- **Assignment**:
Every line of the material that includes the word "families" is to be shown.

Given records Block Start

(* Let $\mathbb{X}$ be a reverse differential restriction category (satisfying all of [RD.1]–[RD.9]) with countable disjoint joins. For $g:A\to B$ put $D[g]:=(\iota_0\times 1_A)R[R[g]]\pi_1$, and for $g:A\to A$ put $T(g):=\langle\pi_0 g,D[g]\rangle:A\times A\to A\times A$. Let $f:A\to A$ and let $b_T,b_F:A\to 1$ be maps with $\overline{b_T}\,\overline{b_F}$ nowhere defined. Define $$W:=\bigvee_{i\ge0}(\overline{b_T}f)^i\overline{b_F},\qquad W':=\bigvee_{i\ge0}(\overline{\pi_0b_T}\,T(f))^i\,\overline{\pi_0 b_F},$$ where $h^0=1$ and $h^{i+1}=h\,h^i$. Then $$R[W]=(\iota_0\times 1_A)\,R[W'\pi_1]\,\pi_1 :A\times A\to A,$$ where $\iota_0=\langle 1_A,0\rangle:A\to A\times A$. That is, the reverse derivative of the while-loop is the dagger of the forward-derivative while-loop of the preceding proposition: $[\![v.\mathrm{rd}(x.\texttt{while } b\texttt{ do } f)(a)]\!]$ is obtained by daggering the term $\texttt{let } x=a,y=v\texttt{ in }\mathrm{snd}(\texttt{while }\pi_0b\texttt{ do }(\pi_0f,\mathrm{fd}(x.f)(x).y))$.
   Context: Composition is written in diagrammatic order: $fg$ means "first $f$, then $g$". A restriction category is a category with an operation sending each $f:A\to B$ to a map $\bar f:A\to A$ such that $\bar f f=f$, $\bar f\bar g=\bar g\bar f$ (for $f,g$ with common domain), $\overline{\bar f g}=\bar f\bar g$, and $f\bar g=\overline{fg}\,f$. A map $f$ is total if $\bar f=1$. For parallel maps: - $f\le g$ means $\bar f g=f$; - a nowhere-defined map $\emptyset$ is a least element for $\le$; - $f,g$ are disjoint if $\bar f g$ is nowhere defined; - the join $\bigvee_i f_i$ of a family is its least upper bound for $\le$. "Countable disjoint joins" means that every countable family of pairwise disjoint parallel maps has a join, and composition preserves such joins on both sides: $h(\bigvee_i f_i)k=\bigvee_i hf_ik$. The category has restriction products if: - there is an object $1$ with a total map $!_A:A\to 1$ for each $A$ such that every $f:A\to1$ equals $\bar f\,!_A$; - for all $A,B$ there is an object $A\times B$ with total maps $\pi_0,\pi_1$ such that for all $f:C\to A$, $g:C\to B$ there is a unique $\langle f,g\rangle$ with $\langle f,g\rangle\pi_0=\bar g f$ and $\langle f,g\rangle\pi_1=\bar f g$. Write $f\times g=\langle\pi_0f,\pi_1g\rangle$. A Cartesian left additive restriction category is a restriction category with restriction products in which every hom-set is a commutative monoid $(+,0)$ such that: - $\overline{f+g}=\bar f\bar g$ and $\bar 0=1$; - $x(f+g)=xf+xg$ and $x0=\bar x 0$; - $(f+g)\pi_i=f\pi_i+g\pi_i$ and $0\pi_i=0$. Write $\iota_0=\langle 1,0\rangle$ and $\iota_1=\langle 0,1\rangle$. A reverse differential restriction category (RDRC) is a Cartesian left additive restriction category with an operation sending each $f:A\to B$ to $R[f]:A\times B\to A$ such that: - [RD.1] $R[f+g]=R[f]+R[g]$ and $R[0]=0$. - [RD.2] $\langle a,b+c\rangle R[f]=\langle a,b\rangle R[f]+\langle a,c\rangle R[f]$ and $\langle a,0\rangle R[f]=\overline{af}\,0$. - [RD.3] $R[\pi_j]=\pi_1\iota_j$. - [RD.4] $R[\langle f,g\rangle]=(1\times\pi_0)R[f]+(1\times\pi_1)R[g]$. - [RD.5] $R[fg]=\langle \pi_0,\langle\pi_0 f,\pi_1\rangle R[g]\rangle R[f]$. - [RD.6] $\langle 1\times\pi_0,\,0\times\pi_1\rangle(\iota_0\times 1)R[R[R[f]]]\pi_1=(1\times\pi_1)R[f]$. - [RD.7] With $g:=(\iota_0\times 1)R[R[f]]\pi_1$, one has $(\iota_0\times1)R[R[g]]\pi_1=\mathrm{ex}\,(\iota_0\times 1)R[R[g]]\pi_1$, where $\mathrm{ex}=\langle\pi_0\times\pi_0,\pi_1\times\pi_1\rangle$. - [RD.8] $\overline{R[f]}=\bar f\times 1$. - [RD.9] $R[\bar f]=(\bar f\times 1)\pi_1$. Semantics of the SDPL formulation: - $[\![\texttt{while } b\texttt{ do } f]\!]=\bigvee_{i\ge0}(\overline{b_T}[\![f]\!])^i\overline{b_F}$; - $[\![v.\mathrm{rd}(x.m)(a)]\!]=\langle\langle1,[\![a]\!]\rangle,[\![v]\!]\rangle R[[\![m]\!]]\pi_1$; - the dagger of $g:A\times B\to C$ is $g^{\dagger[A]}:=(\iota_0\times 1)R[g]\pi_1:A\times C\to B$. *)

theory Defs
  imports Main
begin

text \<open>Composition is
written in diagrammatic order: cmp f g means "first f, then g".  Composition of
non-composable maps is junk and is never constrained.\<close>

record ('o, 'm) rcat =
  c_dom  :: "'m \<Rightarrow> 'o"
  c_cod  :: "'m \<Rightarrow> 'o"
  c_cmp  :: "'m \<Rightarrow> 'm \<Rightarrow> 'm"
  c_id   :: "'o \<Rightarrow> 'm"
  c_rst  :: "'m \<Rightarrow> 'm"
  c_one  :: "'o"
  c_bang :: "'o \<Rightarrow> 'm"
  c_prod :: "'o \<Rightarrow> 'o \<Rightarrow> 'o"
  c_pi0  :: "'o \<Rightarrow> 'o \<Rightarrow> 'm"
  c_pi1  :: "'o \<Rightarrow> 'o \<Rightarrow> 'm"
  c_pair :: "'m \<Rightarrow> 'm \<Rightarrow> 'm"
  c_plus :: "'m \<Rightarrow> 'm \<Rightarrow> 'm"
  c_zero :: "'o \<Rightarrow> 'o \<Rightarrow> 'm"
  c_R    :: "'m \<Rightarrow> 'm"

definition hom :: "('o,'m) rcat \<Rightarrow> 'o \<Rightarrow> 'o \<Rightarrow> 'm \<Rightarrow> bool" where
  "hom C A B f \<longleftrightarrow> c_dom C f = A \<and> c_cod C f = B"

definition parallel :: "('o,'m) rcat \<Rightarrow> 'm \<Rightarrow> 'm \<Rightarrow> bool" where
  "parallel C f g \<longleftrightarrow> c_dom C f = c_dom C g \<and> c_cod C f = c_cod C g"

definition is_category :: "('o,'m) rcat \<Rightarrow> bool" where
  "is_category C \<longleftrightarrow>
     (\<forall>A. hom C A A (c_id C A)) \<and>
     (\<forall>f g. c_cod C f = c_dom C g \<longrightarrow> hom C (c_dom C f) (c_cod C g) (c_cmp C f g)) \<and>
     (\<forall>f. c_cmp C (c_id C (c_dom C f)) f = f \<and> c_cmp C f (c_id C (c_cod C f)) = f) \<and>
     (\<forall>f g h. c_cod C f = c_dom C g \<and> c_cod C g = c_dom C h \<longrightarrow>
        c_cmp C (c_cmp C f g) h = c_cmp C f (c_cmp C g h))"

definition is_restriction_category :: "('o,'m) rcat \<Rightarrow> bool" where
  "is_restriction_category C \<longleftrightarrow> is_category C \<and>
     (\<forall>f. hom C (c_dom C f) (c_dom C f) (c_rst C f)) \<and>
     (\<forall>f. c_cmp C (c_rst C f) f = f) \<and>
     (\<forall>f g. c_dom C f = c_dom C g \<longrightarrow>
        c_cmp C (c_rst C f) (c_rst C g) = c_cmp C (c_rst C g) (c_rst C f)) \<and>
     (\<forall>f g. c_dom C f = c_dom C g \<longrightarrow>
        c_rst C (c_cmp C (c_rst C f) g) = c_cmp C (c_rst C f) (c_rst C g)) \<and>
     (\<forall>f g. c_cod C f = c_dom C g \<longrightarrow>
        c_cmp C f (c_rst C g) = c_cmp C (c_rst C (c_cmp C f g)) f)"

definition total :: "('o,'m) rcat \<Rightarrow> 'm \<Rightarrow> bool" where
  "total C f \<longleftrightarrow> c_rst C f = c_id C (c_dom C f)"

definition rle :: "('o,'m) rcat \<Rightarrow> 'm \<Rightarrow> 'm \<Rightarrow> bool" where
  "rle C f g \<longleftrightarrow> parallel C f g \<and> c_cmp C (c_rst C f) g = f"

definition nowhere_defined :: "('o,'m) rcat \<Rightarrow> 'm \<Rightarrow> bool" where
  "nowhere_defined C f \<longleftrightarrow> (\<forall>g. parallel C f g \<longrightarrow> rle C f g)"

definition disjoint_maps :: "('o,'m) rcat \<Rightarrow> 'm \<Rightarrow> 'm \<Rightarrow> bool" where
  "disjoint_maps C f g \<longleftrightarrow> parallel C f g \<and> nowhere_defined C (c_cmp C (c_rst C f) g)"

definition is_join :: "('o,'m) rcat \<Rightarrow> 'o \<Rightarrow> 'o \<Rightarrow> nat set \<Rightarrow> (nat \<Rightarrow> 'm) \<Rightarrow> 'm \<Rightarrow> bool" where
  "is_join C A B I fs j \<longleftrightarrow> hom C A B j \<and> (\<forall>i\<in>I. rle C (fs i) j) \<and>
     (\<forall>k. hom C A B k \<and> (\<forall>i\<in>I. rle C (fs i) k) \<longrightarrow> rle C j k)"

definition pairwise_disjoint :: "('o,'m) rcat \<Rightarrow> nat set \<Rightarrow> (nat \<Rightarrow> 'm) \<Rightarrow> bool" where
  "pairwise_disjoint C I fs \<longleftrightarrow> (\<forall>i\<in>I. \<forall>j\<in>I. i \<noteq> j \<longrightarrow> disjoint_maps C (fs i) (fs j))"

text \<open>Countable disjoint joins: countable families are indexed by subsets of nat (this
covers finite and countably infinite families, including the empty one).\<close>
definition has_countable_disjoint_joins :: "('o,'m) rcat \<Rightarrow> bool" where
  "has_countable_disjoint_joins C \<longleftrightarrow>
     (\<forall>A B I fs. (\<forall>i\<in>I. hom C A B (fs i)) \<and> pairwise_disjoint C I fs \<longrightarrow>
        (\<exists>j. is_join C A B I fs j)) \<and>
     (\<forall>A B X Y I fs j h k. (\<forall>i\<in>I. hom C A B (fs i)) \<and> pairwise_disjoint C I fs \<and>
        is_join C A B I fs j \<and> hom C X A h \<and> hom C B Y k \<longrightarrow>
        is_join C X Y I (\<lambda>i. c_cmp C (c_cmp C h (fs i)) k) (c_cmp C (c_cmp C h j) k))"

Given records Block End

- **Task output**:
text \<open>Countable disjoint joins: countable families are indexed by subsets of nat (this
covers finite and countably infinite families, including the empty one).\<close>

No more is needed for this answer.